Road Trips

Cruising Through South Carolina's Blue Ridge Foothills

A springtime drive through this Southern beauty calls for a relaxed pace.

Words by Della Watson


Campbell's Covered Bridge is a 4-mile detour off the byway. | Getty Images


11 Apr 2024

Reading Time

7 Minutes

ON A MAP, SOUTH CAROLINA'S State Highway 11 arches like an eyebrow above the conduit of Interstate 85, a 119-mile detour skirting the edge of the Blue Ridge Mountains. Once, this meandering route was the main one, part of a trail network linking Cherokee villages and guiding colonial fur traders from Charleston to the Appalachian frontier. Folks called it the Cherokee Path then. Today, it’s the Cherokee Foothills Scenic Byway, and it begs to be driven slowly, the better to take in the historical markers and leafy luster of what South Carolinians call the Upcountry.

Heading west from Gaffney, the road winds past farms and orchards. In spring, the peach trees bloom pink and the apple trees white, and the roadside produce stands are filled with fresh-picked strawberries. At Cowpens National Battlefield in 1781, a company of Continental soldiers and backwoods militiamen picked a bucolic pasture to make a stand against the redcoats pursuing them. The British were routed, and the battle—now evoked along an interpretive trail weaving past stately oaks and stands of native cane—turned the tide of the Revolutionary War in the South.

Highway 11 climbs gently into the hill country, its two lanes sometimes twisting around steep drop-offs, taking in mountainsides cloaked in mixed woods. The azaleas, dogwoods and magnolias are dazzling this time of year. In the fall, the hemlocks, pines, hickories and oaks turn stunning shades of crimson and gold. Fog hugs the soft ridgelines in the mornings, and in the lead-up to sunset horizontal light sets them aglow.

The Blue Ridge Foothills of Greenville County | Alex Reynolds (Foothills)

Don't Miss

Gaffney's PEACHOID is a 135-foot selfie-friendly novelty water tower in the likeness of the locally beloved stone fruit.

The 115-year-old shingle-topped CAMPBELL'S COVERED BRIDGE is the last of its kind in South Carolina.
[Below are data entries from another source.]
lemma geometric_poly_prime_factor_degree_0:
  fixes A B :: "int poly"
  assumes p: "prime p" and AB: "geometric_poly p = A * B"
  shows "degree A = 0 \<or> degree B = 0"
proof -
  define X1 :: "int poly" where "X1 = [:1, 1:]"
  define E :: "int poly" where "E = geometric_poly p \<circ>\<^sub>p X1"
  have coeff_E: "coeff E j = int (p choose Suc j)" for j
    unfolding E_def X1_def by (rule coeff_geometric_poly_pcompose_X_plus_1)
  have p2: "2 \<le> p"
    using p prime_ge_2_nat by blast
  have degree_E: "degree E = p - 1"
    unfolding E_def X1_def using p2
    by (simp add: degree_pcompose degree_geometric_poly)
  have "degree (A \<circ>\<^sub>p X1) = 0 \<or> degree (B \<circ>\<^sub>p X1) = 0"
  proof (rule eisenstein_factor_degree_0)
    show "prime (int p)"
      using p by simp
    show "(A \<circ>\<^sub>p X1) * (B \<circ>\<^sub>p X1) = E"
      unfolding E_def AB by (simp add: pcompose_mult)
    show "int p dvd coeff E i" if "i < degree E" for i
      using that p2 p by (simp add: coeff_E degree_E dvd_choose_prime)
    show "\<not> int p dvd lead_coeff E"
      using p2 by (simp add: coeff_E degree_E)
    show "\<not> (int p)\<^sup>2 dvd coeff E 0"
      using p2 by (simp add: coeff_E power2_eq_square)
  qed
  then show ?thesis
    by (simp add: degree_pcompose X1_def)
qed

lemma irreducible_geometric_poly:
  assumes p: "prime p"
  shows "irreducible (geometric_poly p :: rat poly)"
proof (rule irreducibleI)
  have p2: "2 \<le> p"
    using p prime_ge_2_nat by blast
  then have degree: "degree (geometric_poly p :: rat poly) = p - 1"
    by (simp add: degree_geometric_poly)
  then show nonzero: "(geometric_poly p :: rat poly) \<noteq> 0"
    using p2 by auto
  show "\<not> is_unit (geometric_poly p :: rat poly)"
    using nonzero degree p2 by (simp add: is_unit_iff_degree)
  fix A B :: "rat poly"
  assume AB: "geometric_poly p = A * B"
  have "map_poly rat_of_int (geometric_poly p) = geometric_poly p"
    by (rule poly_eqI) (simp add: coeff_map_poly coeff_geometric_poly)
  then obtain A' B' :: "int poly" where
    "geometric_poly p = A' * B'" "degree A' = degree A" "degree B' = degree B"
    using rat_to_int_factor[of "geometric_poly p" A B] AB by auto
  then have "degree A = 0 \<or> degree B = 0"
    using geometric_poly_prime_factor_degree_0[OF p] by metis
  moreover have "A \<noteq> 0" "B \<noteq> 0"
    using nonzero AB by auto
  ultimately show "is_unit A \<or> is_unit B"
    by (simp add: is_unit_iff_degree)
qed

interpretation of_rat_poly_hom: map_poly_idom_hom "of_rat :: rat \<Rightarrow> 'a::field_char_0" ..

lemma of_rat_geometric_poly: "map_poly of_rat (geometric_poly n) = geometric_poly n"
  by (rule poly_eqI) (simp add: coeff_map_poly coeff_geometric_poly)

lemma irreducible_dvd_if_common_root:
  fixes C P :: "rat poly" and w :: "'a::field_char_0"
  assumes C: "irreducible C"
    and root_C: "poly (map_poly of_rat C) w = 0" and root_P: "poly (map_poly of_rat P) w = 0"
  shows "C dvd P"
proof -
  define g where "g = gcd C P"
  have "g = fst (bezout_coefficients C P) * C + snd (bezout_coefficients C P) * P"
    unfolding g_def by (simp add: bezout_coefficients_fst_snd)
  then have root_g: "poly (map_poly of_rat g) w = 0"
    using root_C root_P by (simp add: of_rat_poly_hom.hom_add of_rat_poly_hom.hom_mult)
  have "\<not> is_unit g"
  proof
    assume "is_unit g"
    then obtain c where "g = [:c:]" "c \<noteq> 0"
      by (metis is_unit_iff_degree degree_eq_zeroE not_is_unit_0 pCons_0_0)
    with root_g show False by simp
  qed
  moreover have "g dvd C"
    by (simp add: g_def)
  ultimately have "C dvd g"
    using irreducibleD'[OF C] by blast
  then show ?thesis
    unfolding g_def by (rule dvd_trans) simp
qed

lemma prime_root_unity_rational_relation:
  fixes w :: "'a::field_char_0" and c :: "nat \<Rightarrow> rat"
  assumes p: "prime p" and w: "w ^ p = 1" "w \<noteq> 1"
    and relation: "(\<Sum>i<p. of_rat (c i) * w ^ i) = 0"
    and i: "i < p"
  shows "c i = c 0"
proof -
  have p2: "2 \<le> p"
    using p prime_ge_2_nat by blast
  define P :: "rat poly" where
    "P = (\<Sum>i<p. monom (c i) i) - smult (c (p - 1)) (geometric_poly p)"
  have coeff_P: "coeff P j = (if j < p then c j - c (p - 1) else 0)" for j
    unfolding P_def by (simp add: coeff_sum coeff_geometric_poly)
  have "poly (map_poly of_rat P) w
      = (\<Sum>i<p. of_rat (c i) * w ^ i) - of_rat (c (p - 1)) * poly (geometric_poly p) w"
    unfolding P_def
    by (simp add: of_rat_poly_hom.hom_minus of_rat_poly_hom.hom_sum of_rat_hom.map_poly_hom_smult
        of_rat_geometric_poly poly_sum poly_monom)
  also have "\<dots> = 0"
    using relation poly_geometric_poly_root_unity[OF w] by simp
  finally have root_P: "poly (map_poly of_rat P) w = 0" .
  have "degree P < p - 1"
  proof (rule degree_lessI)
    show "P \<noteq> 0 \<or> 0 < p - 1"
      using p2 by simp
    show "\<forall>k\<ge>p - 1. coeff P k = 0"
    proof (intro allI impI)
      fix k
      assume "p - 1 \<le> k"
      then have "k = p - 1 \<or> p \<le> k"
        by linarith
      then show "coeff P k = 0"
        by (auto simp: coeff_P)
    qed
  qed
  have "P = 0"
  proof (rule ccontr)
    assume "P \<noteq> 0"
    moreover have "geometric_poly p dvd P"
      using irreducible_dvd_if_common_root[OF irreducible_geometric_poly[OF p] _ root_P]
        poly_geometric_poly_root_unity[OF w] by (simp add: of_rat_geometric_poly)
    ultimately have "degree (geometric_poly p :: rat poly) \<le> degree P"
      by (simp add: dvd_imp_degree_le)
    then have "p - 1 \<le> degree P"
      using p2 by (simp add: degree_geometric_poly)
    then show False using \<open>degree P < p - 1\<close> by simp
  qed
  then show ?thesis
    using coeff_P[of i] coeff_P[of 0] i p2 by simp
qed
Some 130 species of native wildflowers bloom at the Nature Conservancy's NINE TIMES PRESERVE.

Don't skip the 14-hour brisket or pecan-topped sweet potato casserole at THE SPOTTED PIG BBQ in Fair Play.
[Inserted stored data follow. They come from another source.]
(* For two-server CARD, \[ \mathbb E[B]\le\frac{m_+}{\beta},\qquad \mathbb E[B_e]\le\frac{c+m_+}{\beta}\le\frac{2c}{\beta},\qquad \mathbb E[(B_e)_e]\le\frac{c+m_+}{\beta}\le\frac{2c}{\beta}. \]
   Context: Two-server model: servers $1$ (short, work $W_s$) and $2$ (long, work $W_\ell$), each with its own FCFS queue, each completing work at rate $1/2$ while nonempty. Poisson arrivals of rate $\lambda$, i.i.d. job sizes $S$ with continuous distribution and $\mathbb E[S^2]<\infty$; $\rho=\lambda\mathbb E[S]$, $\epsilon=1-\rho<1/2$. CARD with parameters $0\le m_-\le m_+\le c$: jobs of size $<m_-$ go to the short server; jobs of size in $[m_-,m_+)$ go to the short server if $W_s\le c$ at arrival and to the long server otherwise; jobs of size $\ge m_+$ go to the long server. $\rho_s=\lambda\mathbb E[S\mathbf 1(S<m_-)]$, $\rho_m=\lambda\mathbb E[S\mathbf 1(m_-\le S<m_+)]$, $\alpha=\frac12-\rho_s>0$, $\beta=\rho_s+\rho_m-\frac12>0$. Below/above periods: time $t$ is in a below period if $W_s(t)\le c$ and in an above period if $W_s(t)>c$; a below-above cycle is a complete below period followed by a complete above period (cycles start at times with $W_s(t)=c$). In a cycle starting at time $0$, $B=\inf\{t>0:W_s(t)>c\}$ and $A=\inf\{t>B:W_s(t)=c\}-B$... more precisely $B$ and $A$ denote the lengths of the below and above periods of a generic (stationary) below-above cycle. For a nonnegative random variable $V$ with finite positive mean, its excess $V_e$ has density $\mathbb P(V>t)/\mathbb E[V]$, so $\mathbb E[V_e]=\mathbb E[V^2]/(2\mathbb E[V])$. *)

theory Defs
  imports "HOL-Probability.Probability"
begin

definition to_short :: "real \<Rightarrow> real \<Rightarrow> real \<Rightarrow> real \<Rightarrow> real \<Rightarrow> bool" where
  "to_short mm mp c w s \<longleftrightarrow> s < mm \<or> (mm \<le> s \<and> s < mp \<and> w \<le> c)"

text \<open>Arrival time of job n (n = 0,1,2,...): T i is the interarrival time before job i.\<close>
definition arr :: "(nat \<Rightarrow> real) \<Rightarrow> nat \<Rightarrow> real" where
  "arr T n = (\<Sum>i<Suc n. T i)"

text \<open>Short-server workload just after the arrival of job n (rate 1/2 service, FCFS),
  starting from short-server workload w0 at time 0.\<close>
fun ws_post :: "real \<Rightarrow> real \<Rightarrow> real \<Rightarrow> real \<Rightarrow> (nat \<Rightarrow> real) \<Rightarrow> (nat \<Rightarrow> real) \<Rightarrow> nat \<Rightarrow> real" where
  "ws_post mm mp c w0 T S 0 =
     (let w = max 0 (w0 - T 0 / 2) in w + (if to_short mm mp c w (S 0) then S 0 else 0))"
| "ws_post mm mp c w0 T S (Suc n) =
     (let w = max 0 (ws_post mm mp c w0 T S n - T (Suc n) / 2)
      in w + (if to_short mm mp c w (S (Suc n)) then S (Suc n) else 0))"

text \<open>Short-server workload W_s(t) at time t >= 0 (right-continuous).\<close>
definition ws :: "real \<Rightarrow> real \<Rightarrow> real \<Rightarrow> real \<Rightarrow> (nat \<Rightarrow> real) \<Rightarrow> (nat \<Rightarrow> real) \<Rightarrow> real \<Rightarrow> real" where
  "ws mm mp c w0 T S t =
     (if t < arr T 0 then max 0 (w0 - t / 2)
      else (let n = (GREATEST n. arr T n \<le> t)
            in max 0 (ws_post mm mp c w0 T S n - (t - arr T n) / 2)))"

definition below_len :: "real \<Rightarrow> real \<Rightarrow> real \<Rightarrow> (nat \<Rightarrow> real) \<Rightarrow> (nat \<Rightarrow> real) \<Rightarrow> real" where
  "below_len mm mp c T S = Inf {t. 0 < t \<and> ws mm mp c c T S t > c}"

definition excess :: "real measure \<Rightarrow> real measure" where
  "excess N = density lborel
     (\<lambda>t. ennreal (indicator {0..} t * measure N {t<..} / (\<integral>x. x \<partial>N)))"

end

theory Submission
  imports Defs
begin

text \<open>During a below period the short-server workload stays at most \<open>c\<close>, so every job smaller
  than \<open>m\<^sub>+\<close> joins the short server, and the workload seen at arrivals is a random walk with
  drift \<open>\<beta>/\<lambda>\<close> per arrival, started at \<open>c\<close> and stopped when it exceeds \<open>c\<close> (at most by \<open>m\<^sub>+\<close>).
  Hence the potential \<open>\<phi>(u) = (c + m\<^sub>+ - u)/\<beta>\<close> decreases on average by the mean interarrival
  time per arrival and stays nonnegative, and optional stopping (through truncated sums) gives
  \<open>E[B] \<le> \<phi>(c) = m\<^sub>+/\<beta>\<close>. Restarting this argument at time \<open>t\<close>, which memorylessness of the
  exponential interarrival times permits, gives \<open>E[(B - t)\<^sup>+] \<le> (c + m\<^sub>+)/\<beta> \<cdot> P(B > t)\<close>: the mean
  residual life of \<open>B\<close> is at most \<open>K = (c + m\<^sub>+)/\<beta>\<close>. This property bounds the mean by \<open>K\<close> and is
  inherited by the excess distribution, whose density is proportional to the tail of \<open>B\<close>; this
  gives the bounds on \<open>E[B\<^sub>e]\<close> and \<open>E[(B\<^sub>e)\<^sub>e]\<close>.\<close>

section \<open>The short-server workload path\<close>

lemma arr_0: "arr T 0 = T 0"
  by (simp add: arr_def)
Trailheads speckle the route’s western reaches, with hike after hike leading to waterfalls that trip down river rock worn smooth. Just beyond roadside Wildcat Falls, the sheer granite face of Table Rock looms over the road. An interpretive marker recognizes the Cherokee people, most of whom were forcibly uprooted from these mountains in the 18th and 19th centuries, and describes a traditional belief in the flat-topped peak as a dining place for a giant. Trails in Table Rock State Park reach the 3,127-foot summit. Farther down Highway 11, in Walhalla, materials at the Museum of the Cherokee in South Carolina explore Indigenous people’s connection, past and present, to the Blue Ridge Mountains. (Today, state government recognizes a federation called the Southern Cherokee, Eastern Iroquois and United Tribes of South Carolina.)

The byway ends at Lake Hartwell State Park, a 56,000-acre reservoir on the state line with Georgia. Get a campsite. Grab a fishing rod or rent a kayak. Explore hundreds of miles of Upcountry shoreline. Rejoining the interstate can wait.